Since his state’s Legislature adjourned on May4, the Florida governor has signed about 140 bills, vetoed only 1 — a water district issue — and may have about a dozen more to get through by the June 28 deadline. But Tuesday was another day of intrigue in the Sunshine State because  one bill DeSantis did not sign was Senate Bill 82. It’s about home vegetable gardens.

Yes, vegetable gardens. It’s among the dwindling number of bills that Gov. DeSantis has not cleared off his desk. To be fair, SB 82 has only been on the governor’s desk since June 13 because legislative leaders seemingly withheld their signatures until the last minute, maybe hoping to catch DeSantis in the right mood.

The Flordia Legislature did not hesitate in passing the vegetable garden bill 35-5 in the Senate and 93-16 in the House. But there it sat, in legislative offices, from May 1 until this past week when the necessary legislative signatures were attached for the ride over the governor’s office.

If signed by DeSantis, the bill will ban any county, municipality or other political subdivision from making rules about vegetable gardens on residential properties. It further makes any existing laws and regulations about vegetable gardens on residential property “void and unenforceable.”

Local ordinances about water use, fertilizers, or control of invasive species could still apply to a vegetable garden, so long as they are not targeted.

The intrigue that was re-ignited this week is nothing new for Florida’s great vegetable garden dispute. It was fought out at City Hall and in the Florida courts.

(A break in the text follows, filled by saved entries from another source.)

theorem corollary5p3:
  fixes n :: nat and E :: "nat \<Rightarrow> nat \<Rightarrow> bool" and \<alpha> :: real
  assumes "simple_graph n E"
    and "graph_connected n E"
    and "0 \<le> \<alpha>" and "\<alpha> < 1"
  shows "S_k (chromatic_number n E) (A_alpha \<alpha> n E)
           \<ge> 2 * \<alpha> * real (num_edges n E) / real (independence_number n E)"
proof -
  let ?\<chi> = "chromatic_number n E" and ?m = "num_edges n E" and ?A = "A_alpha \<alpha> n E"
  have "real ?\<chi> / real n * trace_mat ?A \<le> S_k ?\<chi> ?A"
    using assms(1) by (intro S_k_real_symmetric_ge_trace A_alpha_carrier_mat transpose_A_alpha
        chromatic_number_le)
  then have spectral_bound: "real ?\<chi> / real n * (2 * \<alpha> * real ?m) \<le> S_k ?\<chi> ?A"
    by (simp only: trace_A_alpha[OF assms(1)])
  show ?thesis
  proof (cases "n = 0")
    case True
    then have "?m = 0"
      using sum_degree_eq_twice_num_edges[OF assms(1)] by simp
    with spectral_bound show ?thesis by simp
  next
    case False
    then have "1 / real (independence_number n E) * (2 * \<alpha> * real ?m)
        \<le> real ?\<chi> / real n * (2 * \<alpha> * real ?m)"
      using assms(1,3) by (intro mult_right_mono inverse_independence_number_le) auto
    with spectral_bound show ?thesis by simp
  qed
qed

end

Hermine Ricketts and her husband Tom Carroll kept a large vegetable garden in the front yard of their Miami Shore Village home for 17 years. The town dropped a “courtesy notice” off in May 2013, politely telling the couple their garden was “prohibited” and must be removed.

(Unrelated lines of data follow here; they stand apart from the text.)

(* Let $\mu$ be a pure-state ensemble on $\mathbb{C}^d$ and let $D(I)$ be its information-disturbance frontier. Let $I$ be an achievable information value lying on the upward-sloping portion of the frontier, i.e. $D(I')>D(I)$ for every achievable $I'>I$. If there is a measurement procedure achieving information gain $I$ and disturbance $D(I)$, then there is a measurement procedure with one-term conditional dynamics achieving information gain $I$ and disturbance $D(I)$.
   Context: A measurement procedure on $\mathbb{C}^d$ consists of a finite POVM $\{F_b\}$ (positive semidefinite, $\sum_b F_b=I$) together with operators $A_{bi}$ (finitely many for each $b$) with $\sum_i A_{bi}^\dagger A_{bi}=F_b$. It has one-term conditional dynamics if for each $b$ there is a single operator $A_b$ (so $A_b^\dagger A_b=F_b$). With $p(b|\psi)=\langle\psi|F_b|\psi\rangle$, $p(b)=\int d\mu(\psi)p(b|\psi)$, the information gain is $-\sum_b p(b)\log p(b)+\int d\mu(\psi)\sum_b p(b|\psi)\log p(b|\psi)$, and the disturbance is $1-\int d\mu(\psi)\sum_{b,i}|\langle\psi|A_{bi}|\psi\rangle|^2$. $D(I)$ is the infimum of the disturbance over all measurement procedures with information gain exactly $I$. *)

theory Defs
  imports "HOL-Analysis.Analysis" "HOL-Probability.Probability"
begin

definition adj :: "complex ^ 'd ^ 'd \<Rightarrow> complex ^ 'd ^ 'd" where
  "adj A = (\<chi> i j. cnj (A $ j $ i))"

Miami Shore’s new zoning code meant vegetable gardens were not aesthetic enough for a front yard and had to be moved to backyard space.

Ricketts and Carroll had long ago found their backyard to be too shady for a veggie patch, and they weren’t willing to move it. On Aug. 31, 2013, the town’s Code Enforcement Board found them in violation of the ordinance, ordered the garden removed, and imposed a $50 per day fine for non-compliance.

Ricketts and Carroll sued the town, seeking to win a judgment that Floridians have the right to grow food on their property. Their case became a national cause. It was profiled in the “You Be The Judge” section of Reader’s Digest.

It’s trip through Flordia courts ended four years later when a three-judge appeals panel in Flordia’s Third District upheld lower court decisions that found the town had not restricted anyone’s fundamental right.

The Third District panel said Ricketts and Carroll were free to pursue changes in the zoning ordinance from the town council. Florida’s Supreme Court last year passed when asked to hear the case.

The issue instead ended up before the 2019 Florida Legislature.

The Florida League of Cities, representing 400 cities and towns, is working behind the scenes to get DeSantis to veto HB 82. The League sees it as a “Home Rule” issue that the Legislature need not have entered into.

The Legislature cited the rights extended in the Florida Constitution to “acquire, possess and protect property,” while mentioning cities have “broad authority” under the state’s Home Rule Powers Act.

The governor’s media office has not responded to inquiries about the fate of SB 82 and it’s possible no one will know its fate until the very end.